* [Instructions to follow] Each line of the data below that includes the string "dots" must be copied.

[Collected data]
────────────────────
lemma points_last_on_Ls:
  assumes i: "i \<in> {1..s}"
  shows "points_last_on X s Ls i = Xs i"
proof
  show "points_last_on X s Ls i \<subseteq> Xs i"
  proof
    fix x assume x: "x \<in> points_last_on X s Ls i"
    then have "x \<in> X" by (simp add: points_last_on_def)
    then obtain j where j: "j \<in> {1..s}" "x \<in> Xs j" by (rule X_memE)
    have "\<not> j < i" using Ls_Int_Xs_eq_empty[OF i j(1)] x j(2) by (auto simp: points_last_on_def)
    moreover have "\<not> i < j" using x j Xs_subset_Ls[OF j(1)] by (auto simp: points_last_on_def)
    ultimately show "x \<in> Xs i" using j by simp
  qed
  show "Xs i \<subseteq> points_last_on X s Ls i"
  proof
    fix x assume x: "x \<in> Xs i"
    have "x \<notin> Ls j" if "j \<in> {i<..s}" for j
      using Ls_Int_Xs_eq_empty[of j i] that i x by auto
    then show "x \<in> points_last_on X s Ls i"
      using x Xs_subset_X[OF i] Xs_subset_Ls[OF i] by (auto simp: points_last_on_def)
  qed
qed

lemma replace_first_line:
  assumes M: "is_line M" and sub: "Xs 1 \<subseteq> M"
  shows "kconfig_1_to_s X s Xs (Ls(1 := M))"
proof -
  let ?Ls = "Ls(1 := M)"
  obtain P1 where P1: "Xs 1 = {P1}" by (rule Xs_1_singleton)
  have "M \<notin> Ls ` {2..s}"
    using first_point_not_on_later_Ls[OF P1] sub P1 by auto
  moreover have "inj_on ?Ls {2..s}"
    using inj_on_subset[OF inj_Ls, of "{2..s}"] inj_on_cong[of "{2..s}" ?Ls Ls] by simp
  moreover have "{1..s} = insert 1 {2..s}" using s_ge_1 by auto
  ultimately have "inj_on ?Ls {1..s}" by (simp only:) simp
  moreover have "is_line (?Ls i) \<and> Xs i \<subseteq> ?Ls i" if "i \<in> {1..s}" for i
    using is_line_Ls[OF that] Xs_subset_Ls[OF that] M sub by simp
  moreover have "?Ls i \<inter> Xs j = {}" if "i \<in> {1..s}" "j \<in> {1..s}" "j < i" for i j
    using Ls_Int_Xs_eq_empty[OF that] that by simp
  ultimately show ?thesis
    using defines_kconfig unfolding kconfig_1_to_s_def defines_kconfig_def by blast
qed

lemma reversed_piece_eq:
  assumes m: "m \<in> {1..k}" and k: "k \<le> s" and full: "\<forall>a\<in>{1..<k}. Ls a \<in> full_lines X s"
  shows "X \<inter> Ls m - (\<Union>a\<in>{1..<m}. Ls a) - (\<Union>j\<in>{k<..s}. Ls j) =
    (Xs m - (\<Union>a\<in>{1..<m}. Ls a)) \<union> (\<Union>j\<in>{m<..k}. Ls m \<inter> Xs j)"
  (is "?L = ?R")
proof
  have ms: "m \<in> {1..s}" using m k by auto
  show "?L \<subseteq> ?R"
  proof
    fix x assume x: "x \<in> ?L"
    then have "x \<in> X" by simp
    then obtain j where j: "j \<in> {1..s}" "x \<in> Xs j" by (rule X_memE)
    have "\<not> j < m" using Ls_Int_Xs_eq_empty[OF ms j(1)] x j(2) by auto
    moreover have "\<not> k < j" using x j Xs_subset_Ls[OF j(1)] by auto
    ultimately show "x \<in> ?R" using x j by (cases "j = m") auto
  qed
  show "?R \<subseteq> ?L"
  proof
    fix x assume "x \<in> ?R"
    then consider (first) "x \<in> Xs m" "x \<notin> (\<Union>a\<in>{1..<m}. Ls a)"
      | (meet) j where "j \<in> {m<..k}" "x \<in> Ls m" "x \<in> Xs j" by blast
    then show "x \<in> ?L"
    proof cases
      case first
      moreover have "x \<notin> Ls j" if "j \<in> {k<..s}" for j
        using Ls_Int_Xs_eq_empty[of j m] that ms m first(1) by auto
      ultimately show ?thesis using Xs_subset_X[OF ms] Xs_subset_Ls[OF ms] by blast
    next
      case meet
      then have js: "j \<in> {1..s}" using m k by auto
      have "x \<notin> Ls a" if "a \<in> {1..<m}" for a
        using full_Ls_meet_in_Xs[of a m x] Xs_disjoint[OF ms js] that meet m k full by auto
      moreover have "x \<notin> Ls j'" if "j' \<in> {k<..s}" for j'
        using Ls_Int_Xs_eq_empty[of j' j] that js meet by auto
      ultimately show ?thesis using Xs_subset_X[OF js] meet by blast
    qed
  qed
qed
lemma constants_nonneg: "0 \<le> Kf" "0 \<le> KL" "0 \<le> Mf" "0 \<le> BL"
proof -
  obtain u where u: "u \<in> U" using U_nonempty by blast
  show "0 \<le> Kf" by (rule lipschitz_constant_nonneg[OF f_lip[OF u]])
  show "0 \<le> KL" by (rule lipschitz_constant_nonneg[OF L_lip[OF u]])
  show "0 \<le> Mf" using f_bound[OF u, of 0] norm_ge_zero order_trans by blast
  show "0 \<le> BL" using L_bound[OF u, of 0] norm_ge_zero order_trans by blast
qed

lemma f_lipschitz_on: "u \<in> U \<Longrightarrow> Kf-lipschitz_on UNIV (\<lambda>v. f v u)"
  using f_lip constants_nonneg by (intro lipschitz_onI) (auto simp: dist_norm)

lemma L_continuous_on: "u \<in> U \<Longrightarrow> continuous_on S (\<lambda>v. L v u)"
  using L_lip constants_nonneg
  by (intro lipschitz_on_continuous_on[of KL] lipschitz_onI) (auto simp: dist_norm)

lemma FL_mem: "u \<in> U \<Longrightarrow> (f x u, L x u) \<in> FL U f L x"
  unfolding FL_def by (rule closure_subset[THEN subsetD], rule hull_inc) blast

lemma FL_convex: "convex (FL U f L x)"
  unfolding FL_def by (simp add: convex_closure)

lemma FL_compact: "compact (FL U f L x)"
proof -
  have "{(f x u, L x u) | u. u \<in> U} \<subseteq> cball 0 (Mf + BL)"
    using f_bound L_bound norm_Pair_le by (fastforce intro: order_trans add_mono)
  hence "convex hull {(f x u, L x u) | u. u \<in> U} \<subseteq> cball 0 (Mf + BL)"
    by (intro hull_minimal) auto
  hence "bounded (FL U f L x)" unfolding FL_def by (meson bounded_cball bounded_closure bounded_subset)
  thus ?thesis unfolding FL_def by (simp add: compact_eq_bounded_closed)
qed

lemma traj_displacement:
  assumes "is_traj T f t x u z" "u \<in> controls T U" "0 \<le> t" "r \<in> {t..T}"
  shows "norm (z r - x) \<le> Mf * (r - t)"
proof (rule has_integral_bound_interval[OF constants_nonneg(3)])
  show "((\<lambda>q. f (z q) (u q)) has_integral (z r - x)) {t..r}"
    using assms(1,4) by (auto simp: is_traj_def)
  show "norm (f (z q) (u q)) \<le> Mf" if "q \<in> {t..r}" for q
    using that assms controls_in_U[of u T U q] f_bound by auto
qed (use assms in auto)

lemma Y_bound:
  assumes "0 \<le> t" "t \<le> T" "J \<in> Y t x" shows "norm J \<le> BL * (T - t)"
proof -
  obtain u z where u: "u \<in> controls T U" and J: "((\<lambda>r. L (z r) (u r)) has_integral J) {t..T}"
    using assms(3) unfolding Yset_def by blast
  show ?thesis
    using has_integral_bound_interval[OF constants_nonneg(4) J assms(2)]
      controls_in_U[OF u] L_bound assms(1) by auto
qed

lemma Y_closure_compact: "0 \<le> t \<Longrightarrow> t \<le> T \<Longrightarrow> compact (closure (Y t x))"
  using Y_bound by (auto simp: compact_closure bounded_iff)

lemma Y_final: "Y T x = {0}"
proof
  show "Y T x \<subseteq> {0}" unfolding Yset_def using has_integral_point by blast
  obtain u0 where u0: "u0 \<in> U" using U_nonempty by blast
  have "(\<lambda>_. u0) \<in> controls T U" using u0 by (auto simp: controls_def image_constant_conv)
  moreover have "is_traj T f T x (\<lambda>_. u0) (\<lambda>_. x)" unfolding is_traj_def by auto
  moreover have "((\<lambda>r. L x u0) has_integral 0) {T..T}" by auto
  ultimately show "{0} \<subseteq> Y T x" unfolding Yset_def by blast
qed

subsection \<open>Forward step: the dynamic programming principle\<close>

lemma traj_restrict:
  assumes z: "is_traj T f t x u z" and ts: "t \<le> s" "s \<le> T"
  shows "is_traj T f s (z s) u z"
  unfolding is_traj_def
proof
  fix \<sigma> assume \<sigma>: "\<sigma> \<in> {s..T}"
  have whole: "((\<lambda>r. f (z r) (u r)) has_integral (z \<sigma> - x)) {t..\<sigma>}"
    and first: "((\<lambda>r. f (z r) (u r)) has_integral (z s - x)) {t..s}"
    using z \<sigma> ts by (auto simp: is_traj_def)
  have "(\<lambda>r. f (z r) (u r)) integrable_on {s..\<sigma>}"
    using \<sigma> ts by (intro integrable_subinterval_real[OF has_integral_integrable[OF whole]]) auto
  hence second: "((\<lambda>r. f (z r) (u r)) has_integral integral {s..\<sigma>} (\<lambda>r. f (z r) (u r))) {s..\<sigma>}"
    by (rule integrable_integral)
  have "z s - x + integral {s..\<sigma>} (\<lambda>r. f (z r) (u r)) = z \<sigma> - x"
    using has_integral_unique[OF has_integral_combine[OF _ _ first second] whole] ts \<sigma> by auto
  hence "integral {s..\<sigma>} (\<lambda>r. f (z r) (u r)) = z \<sigma> - z s" by (simp add: algebra_simps)
  thus "((\<lambda>r. f (z r) (u r)) has_integral (z \<sigma> - z s)) {s..\<sigma>}" using second by simp
qed
lemma rademacher_exp_block_norms_le:
  fixes X :: "'t \<Rightarrow> 'i \<Rightarrow> 'v::real_inner"
  assumes fin: "finite I" and blocks: "Sigma S R \<subseteq> I"
  shows "rademacher_exp I (\<lambda>\<sigma>. sqrt (\<Sum>t\<in>S. (norm (\<Sum>i\<in>R t. \<sigma> (t, i) *\<^sub>R X t i))\<^sup>2))
    \<le> sqrt (\<Sum>t\<in>S. \<Sum>i\<in>R t. (norm (X t i))\<^sup>2)"
proof -
  have block: "rademacher_exp I (\<lambda>\<sigma>. (norm (\<Sum>i\<in>R t. \<sigma> (t, i) *\<^sub>R X t i))\<^sup>2) = (\<Sum>i\<in>R t. (norm (X t i))\<^sup>2)"
    if t: "t \<in> S" for t
  proof -
    have sub: "Pair t ` R t \<subseteq> I" using blocks t by auto
    have "rademacher_exp I (\<lambda>\<sigma>. (norm (\<Sum>i\<in>R t. \<sigma> (t, i) *\<^sub>R X t i))\<^sup>2)
        = rademacher_exp I (\<lambda>\<sigma>. (norm (\<Sum>j\<in>Pair t ` R t. \<sigma> j *\<^sub>R case_prod X j))\<^sup>2)"
      by (simp add: sum.reindex inj_on_def)
    also have "\<dots> = (\<Sum>j\<in>Pair t ` R t. (norm (case_prod X j))\<^sup>2)"
      by (rule rademacher_exp_norm_sum_squared[OF fin sub])
    finally show ?thesis by (simp add: sum.reindex inj_on_def)
  qed
  have "rademacher_exp I (\<lambda>\<sigma>. sqrt (\<Sum>t\<in>S. (norm (\<Sum>i\<in>R t. \<sigma> (t, i) *\<^sub>R X t i))\<^sup>2))
      \<le> sqrt (rademacher_exp I (\<lambda>\<sigma>. \<Sum>t\<in>S. (norm (\<Sum>i\<in>R t. \<sigma> (t, i) *\<^sub>R X t i))\<^sup>2))"
    by (rule rademacher_exp_sqrt_le[OF fin]) (simp add: sum_nonneg)
  also have "\<dots> = sqrt (\<Sum>t\<in>S. \<Sum>i\<in>R t. (norm (X t i))\<^sup>2)"
    by (simp add: rademacher_exp_sum block)
  finally show ?thesis .
qed

lemma SUP_sign_pair_lipschitz_le:
  fixes f g :: "'p \<Rightarrow> real"
  assumes P: "P \<noteq> {}" and c: "c \<ge> 0"
    and bg: "\<And>p. p \<in> P \<Longrightarrow> \<bar>g p\<bar> \<le> Bg" and bf: "\<And>p. p \<in> P \<Longrightarrow> \<bar>f p\<bar> \<le> Bf"
    and lip: "\<And>u v. \<bar>\<phi> u - \<phi> v\<bar> \<le> c * \<bar>u - v\<bar>"
  shows "(SUP p\<in>P. \<phi> (f p) + g p) + (SUP p\<in>P. - \<phi> (f p) + g p)
     \<le> (SUP p\<in>P. c * f p + g p) + (SUP p\<in>P. - (c * f p) + g p)"
proof -
  define R1 where "R1 = (SUP p\<in>P. c * f p + g p)"
  define R2 where "R2 = (SUP p\<in>P. - (c * f p) + g p)"
  have cf: "\<bar>c * f p\<bar> \<le> c * Bf" if "p \<in> P" for p
    using mult_left_mono[OF bf[OF that] c] c by (simp add: abs_mult)
  have "bdd_above ((\<lambda>p. c * f p + g p) ` P)"
    by (rule bdd_aboveI2[where M="c * Bf + Bg"]) (use cf bg in fastforce)
  then have R1: "c * f p + g p \<le> R1" if "p \<in> P" for p
    unfolding R1_def using that by (rule cSUP_upper2) simp
  have "bdd_above ((\<lambda>p. - (c * f p) + g p) ` P)"
    by (rule bdd_aboveI2[where M="c * Bf + Bg"]) (use cf bg in fastforce)
  then have R2: "- (c * f p) + g p \<le> R2" if "p \<in> P" for p
    unfolding R2_def using that by (rule cSUP_upper2) simp
  have pair: "(\<phi> (f p) + g p) + (- \<phi> (f q) + g q) \<le> R1 + R2" if "p \<in> P" "q \<in> P" for p q
  proof -
    have "\<phi> (f p) - \<phi> (f q) \<le> c * \<bar>f p - f q\<bar>" using lip[of "f p" "f q"] by linarith
    also have "\<dots> = \<bar>c * f p - c * f q\<bar>" using c by (simp add: abs_mult flip: right_diff_distrib)
    finally have "\<phi> (f p) - \<phi> (f q) \<le> \<bar>c * f p - c * f q\<bar>" .
    \<comment> \<open>depending on the sign of \<open>f p - f q\<close>, charge \<open>p\<close> to \<open>R1\<close> and \<open>q\<close> to \<open>R2\<close> or the other way round\<close>
    then show ?thesis using R1[OF that(1)] R2[OF that(2)] R1[OF that(2)] R2[OF that(1)] by linarith
  qed
  have "(SUP p\<in>P. \<phi> (f p) + g p) \<le> R1 + R2 - (- \<phi> (f q) + g q)" if "q \<in> P" for q
    using pair[OF _ that] by (intro cSUP_least[OF P]) (simp add: algebra_simps)
  then have "(SUP q\<in>P. - \<phi> (f q) + g q) \<le> R1 + R2 - (SUP p\<in>P. \<phi> (f p) + g p)"
    by (intro cSUP_least[OF P]) (simp add: algebra_simps)
  then show ?thesis unfolding R1_def R2_def by linarith
qed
────────────────────
* [Your response]
    also have "\<dots> = (\<Sum>j\<in>Pair t ` R t. (norm (case_prod X j))\<^sup>2)"
  also have "\<dots> = sqrt (\<Sum>t\<in>S. \<Sum>i\<in>R t. (norm (X t i))\<^sup>2)"
    also have "\<dots> = \<bar>c * f p - c * f q\<bar>" using c by (simp add: abs_mult flip: right_diff_distrib)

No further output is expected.